(* Let $q \ge 2$ and $n$ be integers, and let $k$ be an odd positive integer with $k \le \lfloor n/2\rfloor - 2$. For $i \in [1, \lfloor n/2\rfloor]$ define $$\alpha_{i,0} = -\frac{n(q-1)}{i}\sum_{j=0}^{i-1}(1-q)^j\binom{n-2i+j}{n-2i}\binom{2i-2-j}{i-1}.$$ If $(k+1)(2q-1) - (q-1)n \ge 0$ and $$\big((k+1)(2q-1) - (q-1)n\big)\,\alpha_{k+1,0} < \alpha_{k+2,0},$$ then $k$-uniform states in $(\mathbb{C}^q)^{\otimes n}$ do not exist.
   Context: For integers $a \le b$, $[a,b]$ denotes $\{a,a+1,\dots,b\}$. A pure state $|\psi\rangle \in (\mathbb{C}^q)^{\otimes n}$ is called $k$-uniform if, with $\rho = |\psi\rangle\langle\psi|$, for every subset $S \subseteq \{1,\dots,n\}$ with $|S| = k$ the reduced state of $\rho$ on the parties in $S$ equals $I/q^k$, where $I$ is the identity on $(\mathbb{C}^q)^{\otimes k}$. *)

theory Defs
  imports Complex_Main
begin

text \<open>Computational basis of (C^q)^{\<otimes> n}: words of length n over {0..<q}.
  Party i (0-based, i < n) is the i-th letter.\<close>
definition basis :: "nat \<Rightarrow> nat \<Rightarrow> nat list set" where
  "basis q n = {xs. length xs = n \<and> set xs \<subseteq> {..<q}}"

text \<open>Entry of the reduced density matrix of |psi><psi| on the parties in S,
  at row index a|_S and column index b|_S (a, b full basis words; only their
  S-components matter): partial trace over the complement of S.\<close>
definition reduced :: "nat \<Rightarrow> nat \<Rightarrow> (nat list \<Rightarrow> complex) \<Rightarrow> nat set \<Rightarrow> nat list \<Rightarrow> nat list \<Rightarrow> complex" where
  "reduced q n psi S a b =
     (\<Sum>x\<in>basis q n. \<Sum>y\<in>basis q n.
        if (\<forall>i<n. i \<in> S \<longrightarrow> x ! i = a ! i \<and> y ! i = b ! i) \<and>
           (\<forall>i<n. i \<notin> S \<longrightarrow> x ! i = y ! i)
        then psi x * cnj (psi y) else 0)"

text \<open>psi is a pure state (unit vector, given by its coefficients on the basis)
  whose k-party marginals are all maximally mixed.\<close>
definition k_uniform :: "nat \<Rightarrow> nat \<Rightarrow> nat \<Rightarrow> (nat list \<Rightarrow> complex) \<Rightarrow> bool" where
  "k_uniform q n k psi \<longleftrightarrow>
     (\<Sum>x\<in>basis q n. (cmod (psi x))\<^sup>2) = 1 \<and>
     (\<forall>S. S \<subseteq> {..<n} \<and> card S = k \<longrightarrow>
        (\<forall>a\<in>basis q n. \<forall>b\<in>basis q n.
           reduced q n psi S a b =
             (if (\<forall>i\<in>S. a ! i = b ! i) then 1 / of_nat (q ^ k) else 0)))"

definition alpha0 :: "nat \<Rightarrow> nat \<Rightarrow> nat \<Rightarrow> real" where
  "alpha0 q n i = - (real n * (real q - 1) / real i) *
     (\<Sum>j<i. (1 - real q) ^ j * real ((n - 2*i + j) choose (n - 2*i))
                               * real ((2*i - 2 - j) choose (i - 1)))"

end

theory Submission
  imports Defs "HOL-Library.FuncSet" "HOL-Computational_Algebra.Polynomial_FPS"
begin

text \<open>For a pure state \<open>\<rho>\<close> let \<open>A\<^sub>j = \<Sum>\<^bsub>|U| = j\<^esub> tr \<rho>\<^sub>U\<^sup>2\<close> (\<open>unitary_enum\<close>) and let \<open>S\<^sub>t\<close> be the
  shadow enumerator. Purity gives \<open>A\<^sub>j = A\<^sub>n\<^sub>-\<^sub>j\<close>, \<open>k\<close>-uniformity gives \<open>A\<^sub>j = C(n,j) q\<^sup>-\<^sup>j\<close> for
  \<open>j \<le> k\<close>, Rains' shadow inequalities give \<open>S\<^sub>t \<ge> 0\<close>, and the Shor-Laflamme enumerator
  \<open>A'\<^sub>w\<close>, the coefficient of \<open>X\<^sup>w\<close> in \<open>\<Sum>\<^sub>j A\<^sub>j q\<^sup>j X\<^sup>j (1 - X)\<^sup>n\<^sup>-\<^sup>j\<close>, is nonnegative.

  Symmetry and \<open>S\<^sub>t \<ge> 0\<close> allow writing that polynomial as
  \<open>\<Sum>\<^sub>i c\<^sub>i (X (1 - X))\<^sup>i (1 + (q - 1) X)\<^sup>n\<^sup>-\<^sup>2\<^sup>i\<close> with \<open>(-1)\<^sup>i c\<^sub>i \<ge> 0\<close>. The same basis expands
  \<open>1\<close> modulo \<open>X\<^sup>k\<^sup>+\<^sup>3\<close> with the coefficients \<open>\<alpha>\<^sub>i\<^sub>,\<^sub>0\<close> (Lagrange inversion). As \<open>A'\<^sub>0 = 1\<close>, \<open>A'\<^sub>w = 0\<close> for
  \<open>0 < w \<le> k\<close> and the basis is unitriangular, \<open>c\<^sub>i = \<alpha>\<^sub>i\<^sub>,\<^sub>0\<close> for \<open>i \<le> k\<close>, and then
  \<open>A'\<^sub>k\<^sub>+\<^sub>2 = (c\<^sub>k\<^sub>+\<^sub>2 - \<alpha>\<^sub>k\<^sub>+\<^sub>2\<^sub>,\<^sub>0) - \<kappa> (c\<^sub>k\<^sub>+\<^sub>1 - \<alpha>\<^sub>k\<^sub>+\<^sub>1\<^sub>,\<^sub>0)\<close> with
  \<open>\<kappa> = (k + 1)(2q - 1) - (q - 1) n\<close>. Since \<open>k\<close> is odd, \<open>c\<^sub>k\<^sub>+\<^sub>1 \<ge> 0 \<ge> c\<^sub>k\<^sub>+\<^sub>2\<close>, so the
  hypotheses force \<open>A'\<^sub>k\<^sub>+\<^sub>2 < 0\<close>.\<close>

unbundle fps_syntax

section \<open>Lagrange inversion\<close>

lemma fps_mult_one_plus_linear_nth:
  fixes f :: "'a::comm_ring_1 fps"
  shows "(f * (1 + fps_const c * fps_X)) $ Suc i = f $ Suc i + c * f $ i"
proof -
  have "f * (1 + fps_const c * fps_X) = f + fps_const c * (f * fps_X)"
    by (simp add: algebra_simps)
  then show ?thesis
    by simp
qed

lemma fps_inverse_linear_power_nth:
  fixes c :: "'a::field"
  shows "(inverse (1 + fps_const c * fps_X) ^ Suc r) $ j = of_nat ((r + j) choose j) * (- c) ^ j"
proof -
  define F where "F r = Abs_fps (\<lambda>j. of_nat ((r + j) choose j) * (- c) ^ j)" for r
  have F_mult: "F r * (1 + fps_const c * fps_X) ^ Suc r = 1" for r
  proof (induction r)
    case 0
    show ?case
    proof (rule fps_ext)
      fix j
      show "(F 0 * (1 + fps_const c * fps_X) ^ Suc 0) $ j = 1 $ j"
        by (cases j) (simp_all only: power_Suc0_right fps_mult_one_plus_linear_nth, simp_all add: F_def)
    qed
  next
    case (Suc r)
    have "F (Suc r) * (1 + fps_const c * fps_X) = F r"
    proof (rule fps_ext)
      fix j
      show "(F (Suc r) * (1 + fps_const c * fps_X)) $ j = F r $ j"
      proof (cases j)
        case (Suc i)
        have pascal: "of_nat ((Suc r + Suc i) choose Suc i)
            = (of_nat ((r + Suc i) choose Suc i) + of_nat ((Suc r + i) choose i) :: 'a)"
          by simp
        have "(F (Suc r) * (1 + fps_const c * fps_X)) $ j
            = of_nat ((Suc r + Suc i) choose Suc i) * (- c) ^ Suc i
              - of_nat ((Suc r + i) choose i) * (- c) ^ Suc i"
          using Suc by (simp add: fps_mult_one_plus_linear_nth F_def)
        also have "\<dots> = F r $ j"
          using Suc by (simp only: pascal F_def fps_nth_Abs_fps) (simp add: ring_distribs)
        finally show ?thesis .
      qed (simp add: F_def)
    qed
    then show ?case
      using Suc.IH by (simp only: power_Suc mult.assoc[symmetric])
  qed
  have "inverse ((1 + fps_const c * fps_X) ^ Suc r) = F r"
    using F_mult by (intro fps_inverse_unique) (simp add: mult.commute)
  then show ?thesis
    by (simp only: fps_inverse_power[symmetric]) (simp add: F_def)
qed

lemma fps_deriv_of_mult_eq_1:
  fixes v w :: "'a::comm_ring_1 fps"
  assumes vw: "v * w = 1"
  shows "fps_deriv v = - (v * v * fps_deriv w)"
proof -
  have "v * fps_deriv w + fps_deriv v * w = 0"
    using arg_cong[OF vw, of fps_deriv] by (simp only: fps_deriv_mult fps_deriv_1)
  then have "fps_deriv v * w = - (v * fps_deriv w)"
    by (metis add.commute eq_neg_iff_add_eq_0)
  have "fps_deriv v = v * (fps_deriv v * w)"
    by (metis mult.left_commute mult_1_right vw)
  also have "\<dots> = - (v * v * fps_deriv w)"
    by (simp add: \<open>fps_deriv v * w = - (v * fps_deriv w)\<close> mult.assoc)
  finally show ?thesis .
qed

lemma fps_power_pred_mult_deriv_nth:
  fixes w :: "'a::field_char_0 fps"
  assumes "1 \<le> s"
  shows "(w ^ (s - 1) * fps_deriv w) $ (s - 1) = (w ^ s) $ s"
proof -
  have "fps_deriv (w ^ s) = fps_const (of_nat s) * (w ^ (s - 1) * fps_deriv w)"
    by (simp add: fps_deriv_power' fps_of_nat algebra_simps)
  then have "of_nat s * (w ^ (s - 1) * fps_deriv w) $ (s - 1) = (fps_deriv (w ^ s)) $ (s - 1)"
    by simp
  then show ?thesis
    using assms by simp
qed

lemma fps_deriv_power_mult_inverse_power:
  fixes v w :: "'a::comm_ring_1 fps"
  assumes vw: "v * w = 1" and i: "1 \<le> i"
  shows "fps_deriv (v ^ i) * w ^ (i + Suc s) = - (fps_const (of_nat i) * (w ^ s * fps_deriv w))"
proof -
  have "w ^ (i + Suc s) = w ^ (i - 1) * w * w * w ^ s"
    using i by (simp flip: power_add power_Suc power_Suc2)
  then have "fps_deriv (v ^ i) * w ^ (i + Suc s)
      = - (fps_const (of_nat i) * ((v * w) ^ (i - 1) * (v * w) * (v * w)) * (w ^ s * fps_deriv w))"
    unfolding fps_deriv_power fps_deriv_of_mult_eq_1[OF vw] power_mult_distrib
    by (simp only: mult_ac minus_mult_left minus_mult_right)
  then show ?thesis
    using vw by simp
qed

lemma lagrange_residue_nth:
  fixes v w :: "'a::field_char_0 fps"
  assumes vw: "v * w = 1" and m: "1 \<le> m"
  shows "(fps_deriv ((fps_X * v) ^ i) * w ^ m) $ (m - 1) = (if i = m then of_nat m else 0)"
proof -
  have deriv: "fps_deriv ((fps_X * v) ^ i)
      = fps_const (of_nat i) * fps_X ^ (i - 1) * v ^ i + fps_X ^ i * fps_deriv (v ^ i)"
    by (simp add: power_mult_distrib fps_deriv_power' fps_of_nat)
  consider "i = 0" | "m < i" | s where "1 \<le> i" "m = i + s"
    by (metis le_add_diff_inverse less_one not_le)
  then show ?thesis
  proof cases
    case 1
    then show ?thesis
      using m by simp
  next
    case 2
    have "fps_deriv ((fps_X * v) ^ i) $ j = 0" if "j \<le> m - 1" for j
      using 2 m that by (simp only: fps_deriv_nth) (simp add: power_mult_distrib fps_X_power_mult_nth)
    then show ?thesis
      using 2 by (auto simp: fps_mult_nth intro!: sum.neutral)
  next
    case (3 s)
    have "v ^ i * w ^ m = (v * w) ^ i * w ^ s"
      using 3 by (simp add: power_add power_mult_distrib mult_ac)
    then have "fps_const (of_nat i) * fps_X ^ (i - 1) * v ^ i * w ^ m
        = fps_const (of_nat i) * (fps_X ^ (i - 1) * w ^ s)"
      using vw by (simp add: mult.assoc)
    moreover have "m - 1 - (i - 1) = s" "\<not> m - 1 < i - 1"
      using 3 by auto
    ultimately have first: "(fps_const (of_nat i) * fps_X ^ (i - 1) * v ^ i * w ^ m) $ (m - 1)
        = of_nat i * (w ^ s) $ s"
      by (simp only: fps_mult_left_const_nth fps_X_power_mult_nth if_False)
    have split: "(fps_deriv ((fps_X * v) ^ i) * w ^ m) $ (m - 1)
        = of_nat i * (w ^ s) $ s + (fps_X ^ i * (fps_deriv (v ^ i) * w ^ m)) $ (m - 1)"
      unfolding deriv distrib_right fps_add_nth first[symmetric] by (simp add: mult.assoc)
    show ?thesis
    proof (cases s)
      case 0
      then show ?thesis
        using split m 3 by (simp add: fps_X_power_mult_nth)
    next
      case (Suc s')
      have "fps_deriv (v ^ i) * w ^ m = - (fps_const (of_nat i) * (w ^ s' * fps_deriv w))"
        using fps_deriv_power_mult_inverse_power[OF vw 3(1)] 3 Suc by simp
      moreover have "m - 1 - i = s'" "\<not> m - 1 < i"
        using 3 Suc by auto
      ultimately show ?thesis
        using split 3 Suc fps_power_pred_mult_deriv_nth[of "Suc s'" w] by (simp add: fps_X_power_mult_nth)
    qed
  qed
qed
··········
## What the exercise asks
In the records above, find every line with the word "coefficients" and copy it.

## Task solution
text \<open>psi is a pure state (unit vector, given by its coefficients on the basis)
  \<open>1\<close> modulo \<open>X\<^sup>k\<^sup>+\<^sup>3\<close> with the coefficients \<open>\<alpha>\<^sub>i\<^sub>,\<^sub>0\<close> (Lagrange inversion). As \<open>A'\<^sub>0 = 1\<close>, \<open>A'\<^sub>w = 0\<close> for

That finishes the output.